• Assignment
Lines from the first one down to the one containing "by (rule sum.reindex_cong[of" in the data below are the only ones needed; please return them exactly, both ends included.

• Available data
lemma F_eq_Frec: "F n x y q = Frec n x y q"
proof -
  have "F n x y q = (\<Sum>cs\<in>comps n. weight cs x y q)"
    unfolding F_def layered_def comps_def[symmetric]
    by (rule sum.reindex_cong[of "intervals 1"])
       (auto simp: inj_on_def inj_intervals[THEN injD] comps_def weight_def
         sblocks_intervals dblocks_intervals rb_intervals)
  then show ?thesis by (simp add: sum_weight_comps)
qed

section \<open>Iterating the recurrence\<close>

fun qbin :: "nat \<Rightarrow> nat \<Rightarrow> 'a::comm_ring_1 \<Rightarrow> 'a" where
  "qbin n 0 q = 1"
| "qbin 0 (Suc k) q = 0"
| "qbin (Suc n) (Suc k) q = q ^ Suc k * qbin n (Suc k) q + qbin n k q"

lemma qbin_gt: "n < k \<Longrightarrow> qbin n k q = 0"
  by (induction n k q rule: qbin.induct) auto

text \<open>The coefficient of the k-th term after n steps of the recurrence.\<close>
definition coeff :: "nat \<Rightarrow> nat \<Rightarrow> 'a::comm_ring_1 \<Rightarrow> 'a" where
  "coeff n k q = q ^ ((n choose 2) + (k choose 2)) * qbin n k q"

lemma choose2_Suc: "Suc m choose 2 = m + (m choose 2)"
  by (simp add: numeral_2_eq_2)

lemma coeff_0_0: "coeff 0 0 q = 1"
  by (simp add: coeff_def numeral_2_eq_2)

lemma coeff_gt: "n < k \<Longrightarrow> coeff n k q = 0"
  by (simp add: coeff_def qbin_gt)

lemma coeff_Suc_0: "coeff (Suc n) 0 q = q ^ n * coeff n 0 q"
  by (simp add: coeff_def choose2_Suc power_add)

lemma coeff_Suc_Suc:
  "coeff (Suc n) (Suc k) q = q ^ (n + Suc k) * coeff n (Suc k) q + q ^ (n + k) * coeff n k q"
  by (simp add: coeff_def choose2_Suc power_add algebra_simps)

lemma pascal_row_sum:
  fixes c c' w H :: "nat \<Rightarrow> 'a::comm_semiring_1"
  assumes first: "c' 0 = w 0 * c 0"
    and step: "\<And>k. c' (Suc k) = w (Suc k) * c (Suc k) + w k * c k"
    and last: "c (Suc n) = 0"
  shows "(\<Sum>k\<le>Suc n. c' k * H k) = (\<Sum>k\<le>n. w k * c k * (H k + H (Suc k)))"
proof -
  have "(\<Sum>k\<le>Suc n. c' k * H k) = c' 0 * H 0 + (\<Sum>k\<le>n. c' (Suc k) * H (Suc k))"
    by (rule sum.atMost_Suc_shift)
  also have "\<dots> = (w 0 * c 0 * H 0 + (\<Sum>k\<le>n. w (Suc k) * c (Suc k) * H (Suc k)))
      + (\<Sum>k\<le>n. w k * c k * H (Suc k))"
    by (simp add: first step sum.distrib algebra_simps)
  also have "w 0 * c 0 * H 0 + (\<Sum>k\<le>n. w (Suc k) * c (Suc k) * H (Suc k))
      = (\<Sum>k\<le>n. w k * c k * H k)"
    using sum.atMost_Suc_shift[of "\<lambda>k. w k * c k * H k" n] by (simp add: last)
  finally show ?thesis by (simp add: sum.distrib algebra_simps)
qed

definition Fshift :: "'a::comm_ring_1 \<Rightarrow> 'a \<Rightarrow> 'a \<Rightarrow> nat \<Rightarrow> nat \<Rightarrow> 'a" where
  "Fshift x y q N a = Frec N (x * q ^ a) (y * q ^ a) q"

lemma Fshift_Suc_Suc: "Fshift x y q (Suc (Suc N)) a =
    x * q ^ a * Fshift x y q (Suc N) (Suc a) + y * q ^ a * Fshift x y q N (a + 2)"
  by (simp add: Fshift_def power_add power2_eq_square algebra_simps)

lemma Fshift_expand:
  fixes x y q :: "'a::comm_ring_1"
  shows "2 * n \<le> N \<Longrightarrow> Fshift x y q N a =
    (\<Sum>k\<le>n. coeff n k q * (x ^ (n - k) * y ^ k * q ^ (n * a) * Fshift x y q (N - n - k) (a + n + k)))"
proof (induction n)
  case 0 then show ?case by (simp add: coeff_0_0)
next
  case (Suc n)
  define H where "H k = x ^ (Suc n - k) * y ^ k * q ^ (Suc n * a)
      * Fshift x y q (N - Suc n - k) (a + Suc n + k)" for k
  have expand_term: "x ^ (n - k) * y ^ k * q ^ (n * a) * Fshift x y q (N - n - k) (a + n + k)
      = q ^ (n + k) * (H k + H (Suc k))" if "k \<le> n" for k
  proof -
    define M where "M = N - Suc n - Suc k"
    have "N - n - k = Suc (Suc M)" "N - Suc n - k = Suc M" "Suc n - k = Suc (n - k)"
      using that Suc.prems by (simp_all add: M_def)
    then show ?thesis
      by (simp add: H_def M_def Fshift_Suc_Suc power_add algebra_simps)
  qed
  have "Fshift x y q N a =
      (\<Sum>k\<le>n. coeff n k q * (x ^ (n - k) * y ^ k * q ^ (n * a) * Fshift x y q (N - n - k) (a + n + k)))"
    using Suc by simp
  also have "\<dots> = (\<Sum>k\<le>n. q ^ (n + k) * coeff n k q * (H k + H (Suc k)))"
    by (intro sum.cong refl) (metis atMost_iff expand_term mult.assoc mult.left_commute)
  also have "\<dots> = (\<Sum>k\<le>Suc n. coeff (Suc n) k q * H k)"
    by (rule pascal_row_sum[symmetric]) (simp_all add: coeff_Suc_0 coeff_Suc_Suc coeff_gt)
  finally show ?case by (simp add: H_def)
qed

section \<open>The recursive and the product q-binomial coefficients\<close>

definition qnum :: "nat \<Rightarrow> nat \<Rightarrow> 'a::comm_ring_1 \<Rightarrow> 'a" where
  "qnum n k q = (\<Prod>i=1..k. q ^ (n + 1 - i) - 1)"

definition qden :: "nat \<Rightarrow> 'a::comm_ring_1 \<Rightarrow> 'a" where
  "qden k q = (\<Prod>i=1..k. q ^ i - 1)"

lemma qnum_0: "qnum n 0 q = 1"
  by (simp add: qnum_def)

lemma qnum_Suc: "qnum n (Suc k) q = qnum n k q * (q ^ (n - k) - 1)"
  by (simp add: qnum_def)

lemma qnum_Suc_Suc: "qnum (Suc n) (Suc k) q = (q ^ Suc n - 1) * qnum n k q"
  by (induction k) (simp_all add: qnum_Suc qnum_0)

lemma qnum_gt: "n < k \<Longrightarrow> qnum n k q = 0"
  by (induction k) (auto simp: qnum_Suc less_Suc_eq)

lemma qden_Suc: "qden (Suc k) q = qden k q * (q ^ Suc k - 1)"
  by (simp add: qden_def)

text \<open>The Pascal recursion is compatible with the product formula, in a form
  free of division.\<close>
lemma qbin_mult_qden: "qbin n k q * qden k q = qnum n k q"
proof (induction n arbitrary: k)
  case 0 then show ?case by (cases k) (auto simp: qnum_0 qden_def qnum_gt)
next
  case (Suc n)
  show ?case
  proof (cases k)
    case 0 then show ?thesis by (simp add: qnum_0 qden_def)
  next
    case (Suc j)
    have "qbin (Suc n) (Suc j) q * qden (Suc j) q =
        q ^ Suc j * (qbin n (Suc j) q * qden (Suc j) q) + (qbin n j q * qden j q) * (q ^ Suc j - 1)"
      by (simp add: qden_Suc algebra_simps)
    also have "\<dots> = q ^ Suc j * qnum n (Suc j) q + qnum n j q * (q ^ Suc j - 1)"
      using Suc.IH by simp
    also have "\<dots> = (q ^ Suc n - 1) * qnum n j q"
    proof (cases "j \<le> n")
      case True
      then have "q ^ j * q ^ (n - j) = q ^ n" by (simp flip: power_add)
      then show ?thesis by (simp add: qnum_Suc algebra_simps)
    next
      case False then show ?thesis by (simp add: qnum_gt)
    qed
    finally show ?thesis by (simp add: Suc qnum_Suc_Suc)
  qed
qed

• Answer box
lemma F_eq_Frec: "F n x y q = Frec n x y q"
proof -
  have "F n x y q = (\<Sum>cs\<in>comps n. weight cs x y q)"
    unfolding F_def layered_def comps_def[symmetric]
    by (rule sum.reindex_cong[of "intervals 1"])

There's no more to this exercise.